Talking to Preteens About Sex

Talk to preteens about sex

As children grow into preteens, they change and mature in many ways, including sexually. While every child’s development is unique, many kids around the preteen age will begin to have thoughts, questions, fears, and interests about sex. This is typically the time where you must have “the talk” about sex to ensure your child’s safety. 

Understandably, many preteens are uncomfortable talking about sex with their parents, yet an open line of communication is essential for your child’s safety and health. Today, we’ll provide some insight about communicating openly when talking to preteens about sex. 

Start the Conversation Early 

If your child is still young, now is the time to begin communication about sex. Of course, the information discussed will evolve as your child ages. For babies and toddlers, you can begin to incorporate the scientific names for genitals. From age 2-5, focus on boundaries and what is and is not appropriate, to lay the groundwork for consent. Kids may start asking how babies are made, and the book “What Makes a Baby” may help guide you here. Elementary school-age kids should learn how to safely explore digital spaces, what sexual abuse is, and potentially the mechanics of sex-based on your child’s questions. 

Beginning the conversation about sex naturally starting at birth will make it much easier to establish communication and honesty with your children. However, it’s never too late to start. For preteens age 9-12, begin conversations about sexual choices and safe sex. Chat about internet safety and digital rules. 

Revisit the Topic 

Talking about sex with teens and preteens can be uncomfortable for both you and your child, but it’s not a one-and-done conversation. Even if your child does not seem ready to talk to you about it, keep the communication open and check in with your child about the subject in the future. If you continue to gently introduce the topic and present yourself as a resource, your preteen may slowly become more comfortable communicating about it with you. 

A Two Way Conversation 

During the first conversation, your child may not feel comfortable participating, and that’s okay. As you continue to approach the topic, try to foster a two-way conversation. Ask your child if they have questions, and respond without judgment, no matter how difficult it may be. Work with your child to find answers you may not know and to come up with action plans. 

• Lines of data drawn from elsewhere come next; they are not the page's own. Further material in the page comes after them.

lemma tens_bounded:
  fixes A :: "real tensor"
  assumes "tens n p l A"
  shows "\<bar>A i j k\<bar> \<le> (\<Sum>i'<n. \<Sum>j'<p. \<Sum>k'<l. \<bar>A i' j' k'\<bar>)"
proof (cases "i < n \<and> j < p \<and> k < l")
  case True
  have "\<bar>A i j k\<bar> \<le> (\<Sum>k'<l. \<bar>A i j k'\<bar>)"
    using True by (intro member_le_sum[where f = "\<lambda>k'. \<bar>A i j k'\<bar>"]) auto
  also have "\<dots> \<le> (\<Sum>j'<p. \<Sum>k'<l. \<bar>A i j' k'\<bar>)"
    using True by (intro member_le_sum[where f = "\<lambda>j'. \<Sum>k'<l. \<bar>A i j' k'\<bar>"]) (auto intro: sum_nonneg)
  also have "\<dots> \<le> (\<Sum>i'<n. \<Sum>j'<p. \<Sum>k'<l. \<bar>A i' j' k'\<bar>)"
    using True by (intro member_le_sum[where f = "\<lambda>i'. \<Sum>j'<p. \<Sum>k'<l. \<bar>A i' j' k'\<bar>"])
      (auto intro: sum_nonneg)
  finally show ?thesis .
next
  case False
  hence "A i j k = 0"
    using assms unfolding tens_def by auto
  thus ?thesis
    by (simp add: sum_nonneg)
qed

lemma tpow_tprod_growth:
  assumes "tens n n l A" and "tens n p l X"
  obtains K C where "0 \<le> C" and "\<And>m i j k. \<bar>tpow_tprod n l A m X i j k\<bar> \<le> K * C ^ m"
proof
  let ?M = "\<Sum>i'<n. \<Sum>j'<n. \<Sum>k'<l. \<bar>A i' j' k'\<bar>"
  show "0 \<le> real l * real n * ?M"
    by (simp add: sum_nonneg)
  show "\<bar>tpow_tprod n l A m X i j k\<bar> \<le> (\<Sum>i'<n. \<Sum>j'<p. \<Sum>k'<l. \<bar>X i' j' k'\<bar>) * (real l * real n * ?M) ^ m"
    for m i j k
    by (rule abs_tpow_tprod_le) (use tens_bounded assms in blast)+
qed

lemma tens_tpow_tprod: "tens n n l A \<Longrightarrow> tens n p l X \<Longrightarrow> tens n p l (tpow_tprod n l A m X)"
  by (induction m) (auto intro: tens_tprod)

Getting preteens to have open talks about anything is a challenge, let alone a topic as personal as sex. Starting the conversation early and allowing it to evolve as your child ages is a great way to establish trust and openness. Additionally, you should come back to the topic multiple times, even if your preteen was uncomfortable at first. The ultimate goal is to keep your child safe and offer them love and support as they continue to develop.